Work required
Copy exactly the stretch of data below from the line with "is_graph n \<omega> else" through the line with "maximum principle (the", including both of those lines.

[Opening Entries provided section]

(* Let $\gamma\geq0$, $G=(V,E,\omega)\in\mathcal C_\gamma$, and let $w:[0,\infty)\to\mathcal V$ be the solution of $\frac{dw}{dt}=-Lw$, $w(0)=w_0\in\mathcal V$. Let $c_1,c_2\in\mathbb R$ be such that $c_1\leq(w_0)_i\leq c_2$ for all $i\in V$. Then $c_1\leq w_i(t)\leq c_2$ for all $t\geq0$ and $i\in V$. In particular, $\|w(t)\|_{\mathcal V,\infty}\leq\|w_0\|_{\mathcal V,\infty}$ for all $t\geq0$.
   Context: $\mathcal{G}$ is the set of finite, simple, connected, undirected, edge-weighted graphs $G=(V,E,\omega)$ with $V=\{1,\dots,n\}$, $n\geq2$, weights $\omega_{ij}=\omega_{ji}>0$ on edges, $0$ otherwise. $d_i=\sum_j\omega_{ij}$. $\mathcal V$: functions $V\to\mathbb R$; $\|u\|_{\mathcal V,\infty}=\max_i|u_i|$. Fixed $r\in[0,1]$: $(\Delta u)_i=d_i^{-r}\sum_j\omega_{ij}(u_i-u_j)$, $\mathcal M(u)=\sum_id_i^ru_i$, $\mathrm{vol}(V)=\sum_id_i^r$, $\mathcal A(u)=\frac{\mathcal M(u)}{\mathrm{vol}(V)}\chi_V$. For $u\in\mathcal V$ let $\varphi$ be the unique solution of $\Delta\varphi=u-\mathcal A(u)$, $\mathcal M(\varphi)=0$, and $Lu:=\Delta u+\gamma\varphi$. Equilibrium measure $\nu^S$ ($S\subsetneq V$): unique $\nu$ with $(\Delta\nu)_i=1$ on $S$, $\nu=0$ off $S$. $f^j:=\nu^{V\setminus\{j\}}-\mathcal A(\nu^{V\setminus\{j\}})$. $\mathcal C^0=\{G\in\mathcal G:\forall j\ \forall i\neq j:\ \omega_{ij}>0\text{ or }f^j_i\geq0\}$; for $\gamma>0$, $\mathcal C_\gamma=\{G\in\mathcal C^0:\forall j\ \forall i\neq j:\ \omega_{ij}=0\text{ or }d_i^{-r}\omega_{ij}+\gamma\frac{d_j^r}{\mathrm{vol}(V)}f^j_i>0\}$; $\mathcal C_0:=\mathcal G$. *)

theory Defs
  imports "HOL-Analysis.Analysis"
begin

definition Vset :: "nat \<Rightarrow> nat set" where
  "Vset n = {1..n}"

definition is_graph :: "nat \<Rightarrow> (nat \<Rightarrow> nat \<Rightarrow> real) \<Rightarrow> bool" where
  "is_graph n \<omega> \<longleftrightarrow> n \<ge> 2
     \<and> (\<forall>i j. \<omega> i j = \<omega> j i)
     \<and> (\<forall>i j. \<omega> i j \<ge> 0)
     \<and> (\<forall>i. \<omega> i i = 0)
     \<and> (\<forall>i j. (i \<notin> Vset n \<or> j \<notin> Vset n) \<longrightarrow> \<omega> i j = 0)
     \<and> (\<forall>i\<in>Vset n. \<forall>j\<in>Vset n.
          (\<lambda>a b. a \<in> Vset n \<and> b \<in> Vset n \<and> \<omega> a b > 0)\<^sup>*\<^sup>* i j)"

definition deg :: "nat \<Rightarrow> (nat \<Rightarrow> nat \<Rightarrow> real) \<Rightarrow> nat \<Rightarrow> real" where
  "deg n \<omega> i = (\<Sum>j\<in>Vset n. \<omega> i j)"

definition Lap :: "real \<Rightarrow> nat \<Rightarrow> (nat \<Rightarrow> nat \<Rightarrow> real) \<Rightarrow> (nat \<Rightarrow> real) \<Rightarrow> nat \<Rightarrow> real" where
  "Lap r n \<omega> u i = deg n \<omega> i powr (-r) * (\<Sum>j\<in>Vset n. \<omega> i j * (u i - u j))"

definition mass :: "real \<Rightarrow> nat \<Rightarrow> (nat \<Rightarrow> nat \<Rightarrow> real) \<Rightarrow> (nat \<Rightarrow> real) \<Rightarrow> real" where
  "mass r n \<omega> u = (\<Sum>i\<in>Vset n. deg n \<omega> i powr r * u i)"

definition vol :: "real \<Rightarrow> nat \<Rightarrow> (nat \<Rightarrow> nat \<Rightarrow> real) \<Rightarrow> real" where
  "vol r n \<omega> = (\<Sum>i\<in>Vset n. deg n \<omega> i powr r)"

definition avg :: "real \<Rightarrow> nat \<Rightarrow> (nat \<Rightarrow> nat \<Rightarrow> real) \<Rightarrow> (nat \<Rightarrow> real) \<Rightarrow> nat \<Rightarrow> real" where
  "avg r n \<omega> u i = (if i \<in> Vset n then mass r n \<omega> u / vol r n \<omega> else 0)"

definition phi :: "real \<Rightarrow> nat \<Rightarrow> (nat \<Rightarrow> nat \<Rightarrow> real) \<Rightarrow> (nat \<Rightarrow> real) \<Rightarrow> nat \<Rightarrow> real" where
  "phi r n \<omega> u = (THE \<phi>. (\<forall>i\<in>Vset n. Lap r n \<omega> \<phi> i = u i - avg r n \<omega> u i)
                         \<and> mass r n \<omega> \<phi> = 0 \<and> (\<forall>i. i \<notin> Vset n \<longrightarrow> \<phi> i = 0))"

definition Lop :: "real \<Rightarrow> real \<Rightarrow> nat \<Rightarrow> (nat \<Rightarrow> nat \<Rightarrow> real) \<Rightarrow> (nat \<Rightarrow> real) \<Rightarrow> nat \<Rightarrow> real" where
  "Lop r \<gamma> n \<omega> u i = Lap r n \<omega> u i + \<gamma> * phi r n \<omega> u i"

definition eqmeas :: "real \<Rightarrow> nat \<Rightarrow> (nat \<Rightarrow> nat \<Rightarrow> real) \<Rightarrow> nat set \<Rightarrow> nat \<Rightarrow> real" where
  "eqmeas r n \<omega> S = (THE \<nu>. (\<forall>i\<in>S. Lap r n \<omega> \<nu> i = 1) \<and> (\<forall>i. i \<notin> S \<longrightarrow> \<nu> i = 0))"

definition fvec :: "real \<Rightarrow> nat \<Rightarrow> (nat \<Rightarrow> nat \<Rightarrow> real) \<Rightarrow> nat \<Rightarrow> nat \<Rightarrow> real" where
  "fvec r n \<omega> j i = eqmeas r n \<omega> (Vset n - {j}) i - avg r n \<omega> (eqmeas r n \<omega> (Vset n - {j})) i"

definition classC0 :: "real \<Rightarrow> nat \<Rightarrow> (nat \<Rightarrow> nat \<Rightarrow> real) \<Rightarrow> bool" where
  "classC0 r n \<omega> \<longleftrightarrow> is_graph n \<omega> \<and>
     (\<forall>j\<in>Vset n. \<forall>i\<in>Vset n. i \<noteq> j \<longrightarrow> \<omega> i j > 0 \<or> fvec r n \<omega> j i \<ge> 0)"

definition classC :: "real \<Rightarrow> real \<Rightarrow> nat \<Rightarrow> (nat \<Rightarrow> nat \<Rightarrow> real) \<Rightarrow> bool" where
  "classC r \<gamma> n \<omega> \<longleftrightarrow> (if \<gamma> = 0 then is_graph n \<omega> else
     classC0 r n \<omega> \<and>
     (\<forall>j\<in>Vset n. \<forall>i\<in>Vset n. i \<noteq> j \<longrightarrow> \<omega> i j = 0 \<or>
        deg n \<omega> i powr (-r) * \<omega> i j + \<gamma> * deg n \<omega> j powr r / vol r n \<omega> * fvec r n \<omega> j i > 0))"

definition supnorm :: "nat \<Rightarrow> (nat \<Rightarrow> real) \<Rightarrow> real" where
  "supnorm n u = Max ((\<lambda>i. \<bar>u i\<bar>) ` Vset n)"

end

theory Submission
  imports Defs "Jordan_Normal_Form.Determinant"
begin

text \<open>Writing phi(u) through the functions f^j exhibits L as a weighted graph Laplacian,
  (L u)_i = sum_j (u_i - u_j) (d_i^-r w_ij + gamma d_j^r f^j_i / vol(V)), whose weights are
  nonnegative by the definition of C_gamma. Hence L u is nonnegative at a maximal vertex
  and nonpositive at a minimal one, and the flow dw/dt = -L w can never push a component above the
  initial maximum or below the initial minimum: at the first time a component exceeded its bound
  by a small margin growing linearly in time, that component would already be decreasing.
  Existence of the equilibrium measures, needed for the formula for phi, comes from the
  maximum principle (the Dirichlet problem is uniquely solvable) and finite dimensionality.\<close>

lemma Vset_eq_image_Suc: "Vset n = Suc ` {..<n}"
  by (simp add: Vset_def image_Suc_lessThan)

lemma finite_Vset [simp]: "finite (Vset n)"
  by (simp add: Vset_def)

lemma abs_le_supnorm: "i \<in> Vset n \<Longrightarrow> \<bar>u i\<bar> \<le> supnorm n u"
  unfolding supnorm_def by (intro Max_ge) auto

lemma supnorm_le: "Vset n \<noteq> {} \<Longrightarrow> (\<And>i. i \<in> Vset n \<Longrightarrow> \<bar>u i\<bar> \<le> N) \<Longrightarrow> supnorm n u \<le> N"
  unfolding supnorm_def by (simp add: Max_le_iff)

lemma linear_system_solvable:
  fixes a :: "nat \<Rightarrow> nat \<Rightarrow> real" and b :: "nat \<Rightarrow> real"
  assumes unique: "\<And>u. \<forall>i\<in>Vset n. (\<Sum>l\<in>Vset n. a i l * u l) = 0 \<Longrightarrow> \<forall>i\<in>Vset n. u i = 0"
  shows "\<exists>u. (\<forall>i\<in>Vset n. (\<Sum>l\<in>Vset n. a i l * u l) = b i) \<and> (\<forall>i. i \<notin> Vset n \<longrightarrow> u i = 0)"
proof -
  define A :: "real mat" where "A = Matrix.mat n n (\<lambda>(x, y). a (Suc x) (Suc y))"
  define fun_of :: "real vec \<Rightarrow> nat \<Rightarrow> real"
    where "fun_of v k = (if k \<in> Vset n then v $ (k - 1) else 0)" for v k
  have A: "A \<in> carrier_mat n n" by (simp add: A_def)
  have mult: "(A *\<^sub>v v) $ x = (\<Sum>l\<in>Vset n. a (Suc x) l * fun_of v l)"
    if "v \<in> carrier_vec n" "x < n" for v x
  proof -
    have "(A *\<^sub>v v) $ x = (\<Sum>y<n. a (Suc x) (Suc y) * v $ y)"
      using that by (simp add: A_def scalar_prod_def atLeast0LessThan)
    also have "\<dots> = (\<Sum>l\<in>Vset n. a (Suc x) l * fun_of v l)"
      by (simp add: Vset_eq_image_Suc sum.reindex fun_of_def)
    finally show ?thesis .
  qed
  have "det A \<noteq> 0"
  proof
    assume "det A = 0"
    then obtain v where v: "v \<in> carrier_vec n" "v \<noteq> 0\<^sub>v n" "A *\<^sub>v v = 0\<^sub>v n"
      using det_0_iff_vec_prod_zero_field[OF A] by blast
    have "\<forall>i\<in>Vset n. (\<Sum>l\<in>Vset n. a i l * fun_of v l) = 0"
      using mult[OF v(1)] v(3) by (auto simp: Vset_eq_image_Suc)
    then have "\<forall>i\<in>Vset n. fun_of v i = 0" by (rule unique)
    then have "v = 0\<^sub>v n"
      using v(1) by (intro eq_vecI) (auto simp: fun_of_def Vset_eq_image_Suc)
    with v(2) show False ..
  qed
  then obtain B where B: "B \<in> carrier_mat n n" "A * B = 1\<^sub>m n"
    using det_non_zero_imp_unit[OF A] unfolding Units_def ring_mat_def by auto
  define v where "v = B *\<^sub>v Matrix.vec n (\<lambda>x. b (Suc x))"
  have v: "v \<in> carrier_vec n" using B(1) by (simp add: v_def)
  have "A *\<^sub>v v = Matrix.vec n (\<lambda>x. b (Suc x))"
    using B by (simp add: v_def assoc_mult_mat_vec[OF A B(1), symmetric])
  then have "\<forall>i\<in>Vset n. (\<Sum>l\<in>Vset n. a i l * fun_of v l) = b i"
    using mult[OF v] by (auto simp: Vset_eq_image_Suc)
  then show ?thesis by (intro exI[of _ "fun_of v"]) (auto simp: fun_of_def)
qed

[Closing Entries provided section]

Solution to this exercise
  "classC r \<gamma> n \<omega> \<longleftrightarrow> (if \<gamma> = 0 then is_graph n \<omega> else
     classC0 r n \<omega> \<and>
     (\<forall>j\<in>Vset n. \<forall>i\<in>Vset n. i \<noteq> j \<longrightarrow> \<omega> i j = 0 \<or>
        deg n \<omega> i powr (-r) * \<omega> i j + \<gamma> * deg n \<omega> j powr r / vol r n \<omega> * fvec r n \<omega> j i > 0))"

definition supnorm :: "nat \<Rightarrow> (nat \<Rightarrow> real) \<Rightarrow> real" where
  "supnorm n u = Max ((\<lambda>i. \<bar>u i\<bar>) ` Vset n)"

end

theory Submission
  imports Defs "Jordan_Normal_Form.Determinant"
begin

text \<open>Writing phi(u) through the functions f^j exhibits L as a weighted graph Laplacian,
  (L u)_i = sum_j (u_i - u_j) (d_i^-r w_ij + gamma d_j^r f^j_i / vol(V)), whose weights are
  nonnegative by the definition of C_gamma. Hence L u is nonnegative at a maximal vertex
  and nonpositive at a minimal one, and the flow dw/dt = -L w can never push a component above the
  initial maximum or below the initial minimum: at the first time a component exceeded its bound
  by a small margin growing linearly in time, that component would already be decreasing.
  Existence of the equilibrium measures, needed for the formula for phi, comes from the
  maximum principle (the Dirichlet problem is uniquely solvable) and finite dimensionality.\<close>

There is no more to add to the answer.